2.4 SeerFabric Intelligent Lossless Data Center Solution Panorama
With the help of nearly 20 years of accumulation in the network field and the understanding of industry customers' business, the SeerFabric intelligent lossless data center solution is released. The whole solution is based on the cloud-edge AI collaborative architecture, which can build intelligent lossless control models for different business scenarios with the help of intelligent learning, realize intelligent identification of business scenarios, and then complete dynamic matching of corresponding model parameters, with high bandwidth, low latency, zero packet loss, accurate forwarding and deterministic network experience, it widely serves the digital transformation of important industries and fields such as the Internet, government, finance, production and entertainment, and high-performance computing.
(Figure 10:SeerFabric Intelligent Lossless Data Center Solution Architecture)
SeerFabric intelligent lossless solution covers computing, storage, network switching, management and control, performance presentation and optimization of end-to-end large bandwidth, delivery delay, accurate forwarding with zero packet loss and deterministic network experience.
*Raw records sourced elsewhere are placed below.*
lemma lin_ref_reflects_boundaries:
  assumes "z \<in> cycles n" "lin r z \<in> crit_boundaries n"
  shows "z \<in> boundaries n"
proof -
  have z: "z \<subseteq> S" "\<forall>s\<in>z. g s = n" "lin d1 z = {}"
    using assms(1) unfolding cycles_def by auto
  obtain w where w: "w \<subseteq> Cr" "\<forall>s\<in>w. g s = Suc n" and ref_z: "lin r z = lin r (lin d1 w)"
    using assms(2) unfolding crit_boundaries_def by auto
  have w_S: "w \<subseteq> S"
    using w(1) Cr_subset by blast
  then have d1_w: "lin d1 w \<subseteq> S" "\<forall>s\<in>lin d1 w. g s = n"
    using lin_d1_subset[OF w_S] g_lin_d1[OF w_S w(2)] by auto
  let ?x = "sym_diff z (lin d1 w)"
  have "finite z" "finite (lin d1 w)"
    using z(1) d1_w(1) finite_subset_S by simp_all
  then have x_ref: "lin r ?x = {}"
    using lin_sym_diff[of z "lin d1 w" r] ref_z by simp
  have x: "?x \<subseteq> S" "\<forall>s\<in>?x. g s = n"
    using z d1_w by auto
  have x_d1: "lin d1 ?x = {}"
    using lin_d1_sym_diff[OF z(1) d1_w(1)] z(3) lin_d1_lin_d1[OF w_S] by simp
  obtain B where B: "B \<subseteq> Up" "\<forall>b\<in>B. g b = Suc n" "?x = lin d1 B"
    by (rule ref_null_cycle[OF x x_d1 x_ref])
  have B_S: "B \<subseteq> S"
    using B(1) Up_subset by blast
  have "z = sym_diff ?x (lin d1 w)"
    by auto
  also have "\<dots> = lin d1 (sym_diff B w)"
    using B(3) lin_d1_sym_diff[OF B_S w_S] by simp
  finally show ?thesis
    unfolding boundaries_def by (rule image_eqI) (use B_S w_S B(2) w(2) in auto)
qed

theorem vs_iso_critical:
  "vs_iso (quot_space (cycles n) (boundaries n)) (quot_space (crit_cycles n) (crit_boundaries n))"
proof (rule vs_iso_quot_spaceI[OF z2_subspace_boundaries z2_subspace_crit_boundaries
      z2_subspace_cycles lin_ref_cycles _ lin_ref_boundaries lin_ref_onto_crit_cycles
      lin_ref_reflects_boundaries])
  fix x y
  assume "x \<in> cycles n" "y \<in> cycles n"
  then have "finite x" "finite y"
    unfolding cycles_def using finite_subset_S by auto
  then show "lin r (sym_diff x y) = sym_diff (lin r x) (lin r y)"
    by (rule lin_sym_diff)
qed

end

section \<open>Simplicial complexes\<close>

lemma card_between_codim2:
  assumes "finite v" "u \<subseteq> v" "card v = card u + 2"
  shows "card {t. u \<subseteq> t \<and> t \<subseteq> v \<and> card t = card u + 1} = 2"
proof -
  have "finite u"
    using assms finite_subset by blast
  then have "card (v - u) = 2"
    using assms by (simp add: card_Diff_subset)
  then obtain a b where ab: "v - u = {a, b}" "a \<noteq> b"
    by (meson card_2_iff)
  have "{t. u \<subseteq> t \<and> t \<subseteq> v \<and> card t = card u + 1} = {insert a u, insert b u}"
  proof (intro equalityI subsetI)
    fix t
    assume "t \<in> {t. u \<subseteq> t \<and> t \<subseteq> v \<and> card t = card u + 1}"
    then have t: "u \<subseteq> t" "t \<subseteq> v" "card t = card u + 1"
      by auto
    then have "card (t - u) = 1"
      using \<open>finite u\<close> assms(1) finite_subset by (simp add: card_Diff_subset)
    then obtain c where c: "t - u = {c}"
      using card_1_singleton_iff[of "t - u"] by auto
    then have "c \<in> {a, b}" "t = insert c u"
      using t ab by blast+
    then show "t \<in> {insert a u, insert b u}"
      by blast
  next
    fix t
    assume "t \<in> {insert a u, insert b u}"
    moreover have "a \<notin> u" "b \<notin> u" "a \<in> v" "b \<in> v"
      using ab by auto
    ultimately show "t \<in> {t. u \<subseteq> t \<and> t \<subseteq> v \<and> card t = card u + 1}"
      using \<open>finite u\<close> assms(2) by auto
  qed
  moreover have "insert a u \<noteq> insert b u"
    using ab by blast
  ultimately show ?thesis
    by simp
qed

lemma simplicial_complex_finite: "simplicial_complex K \<Longrightarrow> finite K"
  and simplicial_complex_finite_simplex: "simplicial_complex K \<Longrightarrow> s \<in> K \<Longrightarrow> finite s"
  and simplicial_complex_nonempty: "simplicial_complex K \<Longrightarrow> s \<in> K \<Longrightarrow> s \<noteq> {}"
  and simplicial_complex_face: "simplicial_complex K \<Longrightarrow> s \<in> K \<Longrightarrow> t \<subseteq> s \<Longrightarrow> t \<noteq> {} \<Longrightarrow> t \<in> K"
  unfolding simplicial_complex_def by blast+

text \<open>Both \<open>\<partial>\<partial> = 0\<close> and \<open>\<delta>\<delta> = 0\<close> come down to this: a simplex has exactly two faces strictly
  between itself and a face of codimension two.\<close>

lemma card_faces_between:
  assumes K: "simplicial_complex K" and "s \<in> K" "x \<in> K" "x \<subseteq> s" "card s = card x + 2"
  shows "card {t\<in>K. x \<subseteq> t \<and> t \<subseteq> s \<and> card t = card x + 1} = 2"
proof -
  have "{t\<in>K. x \<subseteq> t \<and> t \<subseteq> s \<and> card t = card x + 1} = {t. x \<subseteq> t \<and> t \<subseteq> s \<and> card t = card x + 1}"
    using simplicial_complex_face[OF K \<open>s \<in> K\<close>] simplicial_complex_nonempty[OF K \<open>x \<in> K\<close>] by blast
  then show ?thesis
    using card_between_codim2 simplicial_complex_finite_simplex[OF K \<open>s \<in> K\<close>] assms(4,5) by simp
qed

lemma lin_bd1_bd1:
  assumes K: "simplicial_complex K" and "s \<in> K"
  shows "lin (bd1 K) (bd1 K s) = {}"
proof -
  have "even (card {t \<in> bd1 K s. x \<in> bd1 K t})" for x
  proof (cases "x \<in> K \<and> x \<subseteq> s \<and> card s = card x + 2")
    case True
    have "finite s"
      using simplicial_complex_finite_simplex[OF K \<open>s \<in> K\<close>] .
    then have "{t \<in> bd1 K s. x \<in> bd1 K t} = {t\<in>K. x \<subseteq> t \<and> t \<subseteq> s \<and> card t = card x + 1}"
      using True unfolding bd1_def by (auto dest: psubset_card_mono)
    then show ?thesis
      using card_faces_between[OF K \<open>s \<in> K\<close>] True by simp
  next
    case False
    then have "{t \<in> bd1 K s. x \<in> bd1 K t} = {}"
      unfolding bd1_def by auto
    then show ?thesis
      by (metis card.empty even_zero)
  qed
  then show ?thesis
    unfolding lin_def by simp
qed

lemma lin_cobd1_cobd1:
  assumes K: "simplicial_complex K" and "s \<in> K"
  shows "lin (cobd1 K) (cobd1 K s) = {}"
proof -
  have "even (card {t \<in> cobd1 K s. x \<in> cobd1 K t})" for x
  proof (cases "x \<in> K \<and> s \<subseteq> x \<and> card x = card s + 2")
    case True
    then have "finite x"
      using simplicial_complex_finite_simplex[OF K] by blast
    then have "{t \<in> cobd1 K s. x \<in> cobd1 K t} = {t\<in>K. s \<subseteq> t \<and> t \<subseteq> x \<and> card t = card s + 1}"
      using True unfolding cobd1_def by (auto dest: psubset_card_mono)
    then show ?thesis
      using card_faces_between[OF K _ \<open>s \<in> K\<close>] True by simp
  next
    case False
    then have "{t \<in> cobd1 K s. x \<in> cobd1 K t} = {}"
      unfolding cobd1_def by auto
    then show ?thesis
      by (metis card.empty even_zero)
  qed
  then show ?thesis
    unfolding lin_def by simp
qed

section \<open>Morse sequences\<close>

locale morse_sequence =
  fixes K :: "'a set set" and W :: "'a set set list"
  assumes complex: "simplicial_complex K" and morse: "morse_seq K W"
begin

abbreviation added :: "nat \<Rightarrow> 'a set set" where
  "added i \<equiv> W ! Suc i - W ! i"

definition idx :: "'a set \<Rightarrow> nat" where
  "idx s = (LEAST i. s \<in> W ! Suc i)"

text \<open>On a critical simplex this is the junk value \<open>the_elem {}\<close>.\<close>

definition mate :: "'a set \<Rightarrow> 'a set" where
  "mate s = the_elem (added (idx s) - {s})"

lemma W_0: "W ! 0 = {}"
  and W_last: "W ! (length W - 1) = K"
  using morse unfolding morse_seq_def by (auto simp: last_conv_nth)

lemma morse_step: "Suc i < length W \<Longrightarrow> elem_expansion (W ! i) (W ! Suc i) \<or> elem_filling (W ! i) (W ! Suc i)"
  using morse unfolding morse_seq_def by blast

lemma W_Suc_subset: "Suc i < length W \<Longrightarrow> W ! i \<subseteq> W ! Suc i"
  using morse_step unfolding elem_expansion_def elem_filling_def by auto

lemma morse_step_cases:
  assumes "Suc i < length W"
  obtains (filling) \<nu> where "added i = {\<nu>}" "facet (W ! Suc i) \<nu>"
    | (expansion) \<sigma> \<tau> where "added i = {\<sigma>, \<tau>}" "free_pair (W ! Suc i) \<sigma> \<tau>"
proof -
  from morse_step[OF assms] show ?thesis
  proof
    assume "elem_expansion (W ! i) (W ! Suc i)"
    then obtain \<sigma> \<tau> where fp: "free_pair (W ! Suc i) \<sigma> \<tau>" and W_i: "W ! i = W ! Suc i - {\<sigma>, \<tau>}"
      unfolding elem_expansion_def by blast
    have "\<sigma> \<in> W ! Suc i" "\<tau> \<in> W ! Suc i"
      using fp unfolding free_pair_def by simp_all
    then have "added i = {\<sigma>, \<tau>}"
      unfolding W_i by blast
    then show ?thesis
      using fp by (rule that(2))
  next
    assume "elem_filling (W ! i) (W ! Suc i)"
    then obtain \<nu> where f: "facet (W ! Suc i) \<nu>" and W_i: "W ! i = W ! Suc i - {\<nu>}"
      unfolding elem_filling_def by blast
    have "\<nu> \<in> W ! Suc i"
      using f unfolding facet_def by simp
    then have "added i = {\<nu>}"
      unfolding W_i by blast
    then show ?thesis
      using f by (rule that(1))
  qed
qed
From the solution architecture, it can be divided into management and control analysis layer and ICT infrastructure (network, computing and storage) layer, the application scenarios are mainly divided into traditional computing scenarios, storage network scenarios and high-performance computing scenarios. To achieve the unified integration of the three scenarios, the management and control analysis layer is a crucial link, mainly the intelligent control engine SeerEngine and intelligent analyzer SeerAnalyzer to carry the implementation. SeerEngine realizing the construction of scenario-based business traffic model and model matching, realizing the dynamic control of intelligent lossless network, SeerAnalyzer realizing end-to-end fine data acquisition and lossless performance status visualization, and using AI-ECN algorithm according to performance status data to complete the dynamic intelligent tuning calculation of network equipment ECN waterline.
AI-ECN fully realize the combination of data, intelligent algorithms and professional knowledge, and intelligently empower SeerFabric intelligent lossless solutions.
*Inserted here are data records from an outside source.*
text \<open>\<open>fibonomial_pascal a b\<close> is \<open>[a+b, a]\<^sub>F\<close>; the recurrence comes from \<open>fib_add\<close>, and it shows
  that Fibonomials are integers.\<close>

fun fibonomial_pascal :: "nat \<Rightarrow> nat \<Rightarrow> nat" where
  "fibonomial_pascal 0 b = 1"
| "fibonomial_pascal (Suc a) 0 = 1"
| "fibonomial_pascal (Suc a) (Suc b) =
     fib (a + 2) * fibonomial_pascal (Suc a) b + fib b * fibonomial_pascal a (Suc b)"

lemma fibonomial_pascal_fibfact:
  "fibonomial_pascal a b * fibfact a * fibfact b = fibfact (a + b)"
proof (induction a b rule: fibonomial_pascal.induct)
  case (3 a b)
  have "fibonomial_pascal (Suc a) (Suc b) * fibfact (Suc a) * fibfact (Suc b)
      = fib (a + 2) * fib (Suc b) * (fibonomial_pascal (Suc a) b * fibfact (Suc a) * fibfact b)
        + fib b * fib (Suc a) * (fibonomial_pascal a (Suc b) * fibfact a * fibfact (Suc b))"
    by (simp add: fibfact_Suc algebra_simps)
  also have "\<dots> = (fib (a + 2) * fib (Suc b) + fib b * fib (Suc a)) * fibfact (Suc (a + b))"
    using "3.IH" by (simp add: algebra_simps)
  also have "fib (a + 2) * fib (Suc b) + fib b * fib (Suc a) = fib (Suc (Suc (a + b)))"
    using fib_add[of "Suc a" b] by (simp add: algebra_simps)
  finally show ?case
    by (simp add: fibfact_Suc)
qed (simp_all add: fibfact_def)

lemma fibonomial_eq_pascal:
  assumes "k \<le> n"
  shows "fibonomial n k = fibonomial_pascal k (n - k)"
proof -
  have "fibfact n = fibonomial_pascal k (n - k) * (fibfact k * fibfact (n - k))"
    using fibonomial_pascal_fibfact[of k "n - k"] assms by (simp add: mult.assoc)
  then show ?thesis
    using assms by (simp add: fibonomial_def fibfact_pos)
qed

lemma even_fib_iff: "even (fib n) \<longleftrightarrow> 3 dvd n"
  by (induction n rule: fib.induct) (simp_all, presburger)

lemma cong_fib_mod_2: "[fib n = of_bool (\<not> 3 dvd n)] (mod 2)"
  by (simp add: cong_def mod_2_eq_odd even_fib_iff)

text \<open>The predicted value of \<open>[a+b, a]\<^sub>F\<close> modulo 2: the last ternary digits of \<open>a\<close> and \<open>b\<close> must
  add without carry, and the remaining parts contribute an ordinary binomial coefficient.\<close>

definition fibonomial_lucas :: "nat \<Rightarrow> nat \<Rightarrow> nat" where
  "fibonomial_lucas a b = of_bool (a mod 3 + b mod 3 < 3) * (a div 3 + b div 3 choose a div 3)"
(* Let $\mathcal K$ be a complex Hilbert space and $\mu$ a $\mathcal K$-Carleson measure. If there exists a countable set $N\subseteq\mathbb R_+$ with $\sum_{\lambda\in N}\frac{\lambda}{(\lambda+1)^2}<\infty$ such that the operator $\mu(\mathbb R_+\setminus N)$ is not strictly positive, then $H_\mu$ is not strictly positive.
   Context: $\mathbb R_+=(0,\infty)$. $H^2(\mathbb C_+,\mathcal K)$ is the Hardy space of holomorphic $f:\mathbb C_+\to\mathcal K$ with $\sup_{y>0}\int\|f(x+iy)\|^2dx<\infty$. A $\mathcal K$-Carleson measure is a measure $\mu$ on $\mathbb R_+$ with values in the positive bounded operators on $\mathcal K$ such that $(f,g)\mapsto\int_{\mathbb R_+}\langle f(i\lambda),d\mu(\lambda)g(i\lambda)\rangle$ is a continuous sesquilinear form on $H^2(\mathbb C_+,\mathcal K)$; $H_\mu$ is the bounded operator representing it. An operator $A$ is strictly positive if $\langle v,Av\rangle>0$ for all $v\ne0$. *)

theory Defs
  imports "HOL-Analysis.Analysis"
begin

text \<open>HOL-Analysis only has real inner product spaces.  A complex inner product
space is modelled as a real inner product space with a complex scalar
multiplication extending the real one, such that multiplication by i is
orthogonal; the real inner product is then the real part of the complex one.
A complex Hilbert space is such a space which is moreover complete.\<close>

class complex_inner = real_inner +
  fixes cscale :: "complex \<Rightarrow> 'a \<Rightarrow> 'a"
  assumes cscale_add_right: "cscale a (x + y) = cscale a x + cscale a y"
    and cscale_add_left: "cscale (a + b) x = cscale a x + cscale b x"
    and cscale_cscale: "cscale a (cscale b x) = cscale (a * b) x"
    and cscale_of_real: "cscale (complex_of_real r) x = r *\<^sub>R x"
    and inner_cscale_ii: "inner (cscale \<i> x) (cscale \<i> y) = inner x y"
End-to-end fine-grained performance indicators are Telemetry in data collection, fully exploiting the fine performance data collection capabilities of intelligent network cards, storage and H3C network devices, enabling intelligent algorithms to perceive RoCE traffic components and sizes, dynamic changes of network device cache queues, etc. Data items include various performance statistical indicators of interfaces and queues, and RoCE streaming session statistics listened by network devices. At the same time, through the cooperation of Agent and intelligent network card deployed on the server, the dial-test capability of RoCE traffic is provided, and the network can be visually debugged and tuned before the service goes online. Supported RoCE smart network cards include Mellanox series network cards, Intel E810 network cards, etc.
In the algorithm, the real experimental environment collects performance KPIs under different traffic models, and forms a training data set after labeling through the real experience of the application, and generates an ECN waterline dynamic tuning model after modeling and offline training with expert knowledge. The AI-ECN tuning algorithm model has the characteristics of high efficiency and small amount of calculation, and supports two modes of centralized tuning of controller and distributed local tuning of network equipment. For example, in the centralized tuning mode, ECN waterline tuning can be started under large-scale network management without a special AI chip and using a control analysis cluster equipped with Intel XEON-SP servers. In local mode, network switches equipped with Intel XEON-D and ATOM can complete tuning with only a small CPU overhead.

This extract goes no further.